Database Decision Framework

CRITICAL: DECIDE BEFORE YOU CODE

STOP. Before writing any database code, schema, or query — justify the choice first. Perfect code on the wrong foundation is technical debt from day one.

STEP 1: GATHER REQUIREMENTS

Ask the user if not provided:

Data shape: structured / semi-structured / graph / time-series / objects?
Schema stability: fixed or frequently changing?
Read/Write ratio: read-heavy, write-heavy, balanced?
Volume & scale: MBs→PBs? Users: tens→millions? Single region or global?
Consistency needs: strict ACID required? Eventual consistency acceptable?
Business: team expertise, budget, existing infra, time pressure?

STEP 2: SELECTION MATRIX

Relational (PostgreSQL, MySQL) → STRUCTURED + STRONG CONSISTENCY

Choose when: stable schema, ACID mandatory, complex JOINs, referential integrity critical. CAP: CA. Signals: "users table", "orders", "bank transactions", "billing", "ERP". AVOID: schema changes often, hierarchical data, need 100s of nodes, millions writes/sec.
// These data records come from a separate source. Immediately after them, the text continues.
(* Consider the two-user, two-file broadcast caching network with correlated sources described in the context, with library generated by a 2-component discrete memoryless source $(\mathsf X_1,\mathsf X_2)\sim p(x_1,x_2)$ and (normalized) cache capacity $M\ge 0$ per receiver. Then the optimal peak rate-memory function satisfies $R^*(M)\ge R^{LB}(M)$, where \[ R^{LB}(M)=\inf\Big\{R:\; R\ge H(\mathsf X_1,\mathsf X_2)-2M,\;\; R\ge \tfrac12\big(H(\mathsf X_1,\mathsf X_2)-M\big),\;\; R\ge \tfrac12\Big(H(\mathsf X_1,\mathsf X_2)+\max\{H(\mathsf X_1),H(\mathsf X_2)\}\Big)-M\Big\}. \]
   Context: A 2-component discrete memoryless source (2-DMS) consists of finite alphabets $\mathcal X_1,\mathcal X_2$ and a joint pmf $p(x_1,x_2)$; it generates an i.i.d. process $\{(\mathsf X_{1i},\mathsf X_{2i})\}$ with $(\mathsf X_1,\mathsf X_2)\sim p$. For block length $n$ the library consists of the two files $X_1^n\in\mathcal X_1^n$ and $X_2^n\in\mathcal X_2^n$. One sender is connected to two receivers $r_1,r_2$ through a shared error-free broadcast link; each receiver has a cache of $nM$ bits. A cache-aided coded multicast (CACM) scheme of block length $n$ consists of: cache encoders $f^{\mathfrak C}_{r_i}:\mathcal X_1^n\times\mathcal X_2^n\to[1:2^{nM})$, giving cache contents $Z_{r_i}=f^{\mathfrak C}_{r_i}(X_1^n,X_2^n)$, $i=1,2$ (chosen before demands are known); for each demand vector $\mathbf d=(d_{r_1},d_{r_2})\in\{1,2\}^2$ (receiver $r_i$ requests file $X^n_{d_{r_i}}$), a multicast encoder producing a variable-length binary codeword $Y_{\mathbf d}=f^{\mathfrak M}(\mathbf d,Z_{r_1},Z_{r_2},X_1^n,X_2^n)$; and decoders $\widehat X^n_{d_{r_i}}=g^{\mathfrak M}_{r_i}(\mathbf d,Y_{\mathbf d},Z_{r_i})$. The worst-case error probability is $P_e^{(n)}=\max_{\mathbf d}\max_{i}\mathbb P(\widehat X^n_{d_{r_i}}\ne X^n_{d_{r_i}})$ and the peak rate is $R^{(n)}=\max_{\mathbf d}\mathbb E[L(Y_{\mathbf d})]/n$, where $L(\cdot)$ is codeword length in bits and the expectation is over the library. A pair $(R,M)$ is achievable if there is a sequence of CACM schemes with cache capacity $M$ and increasing $n$ such that $P_e^{(n)}\to0$ and $\limsup_n R^{(n)}\le R$. The peak rate-memory region is the closure of the set of achievable pairs, and $R^*(M)=\inf\{R:(R,M)\text{ in this region}\}$. *)

theory Defs
  imports "HOL-Analysis.Analysis" "HOL-Probability.Probability_Mass_Function"
begin
(* Let $\mathbb S[\boldsymbol\kappa]$ be a $k\times k$ unstable-negative feedback such that one of its $(k-1)\times(k-1)$ principal submatrices is Hurwitz-stable. Then $\mathbb S[\boldsymbol\kappa]$ is $D$-Hopf.
   Context: For a reaction network with reactant coefficients $s^j_m$ and stoichiometric matrix $\mathbb S$, a $k$-Child-Selection $\boldsymbol\kappa=(\kappa,E_\kappa,J)$ is a bijection $J:\kappa\to E_\kappa$ between $k$ species and $k$ reactions with $s^{J(m)}_m>0$; its CS-matrix is $\mathbb S[\boldsymbol\kappa]_{ml}=\mathbb S_{m,J(l)}$. Hurwitz-stable: all eigenvalues have negative real part; Hurwitz-unstable: some eigenvalue has positive real part. An unstable core is a Hurwitz-unstable CS-matrix with no Hurwitz-unstable proper principal submatrix; a $k\times k$ unstable core with $\operatorname{sign}\det=(-1)^k$ is an unstable-negative feedback. Inertia: numbers of eigenvalues with negative, positive, zero real part. $A$ is $D$-Hopf if there exist an invertible principal submatrix $A[\kappa]$ and positive diagonal $D_1,D_2$ with $\operatorname{inertia}(A[\kappa]D_1)\ne\operatorname{inertia}(A[\kappa]D_2)$. *)

theory Defs
  imports "Jordan_Normal_Form.Char_Poly" "Jordan_Normal_Form.DL_Submatrix"
    "HOL-Computational_Algebra.Polynomial"
begin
Document (MongoDB) → FLEXIBLE SCHEMA + HIERARCHICAL DATA

Choose when: variable attributes per record, nested/JSON data, schema evolves fast, need sharding. CAP: CP. Sharding: by range, hash, or geographic. Signals: "product catalog", "user profiles", "CMS", "different fields per record". AVOID: highly relational with many JOINs, simple key-value pairs.

Key-Value (Redis) → SPEED + SIMPLE ACCESS

Choose when: sub-millisecond latency, get/set by key, caching, sessions, counters, leaderboards, queues. CAP: CP (cluster). Structures: Strings, Lists, Sets, Hashes, Sorted Sets, Streams. Signals: "cache", "sessions", "real-time", "leaderboard", "rate limiter", "shopping cart". AVOID: data exceeds RAM, complex queries needed, need persistent-first storage.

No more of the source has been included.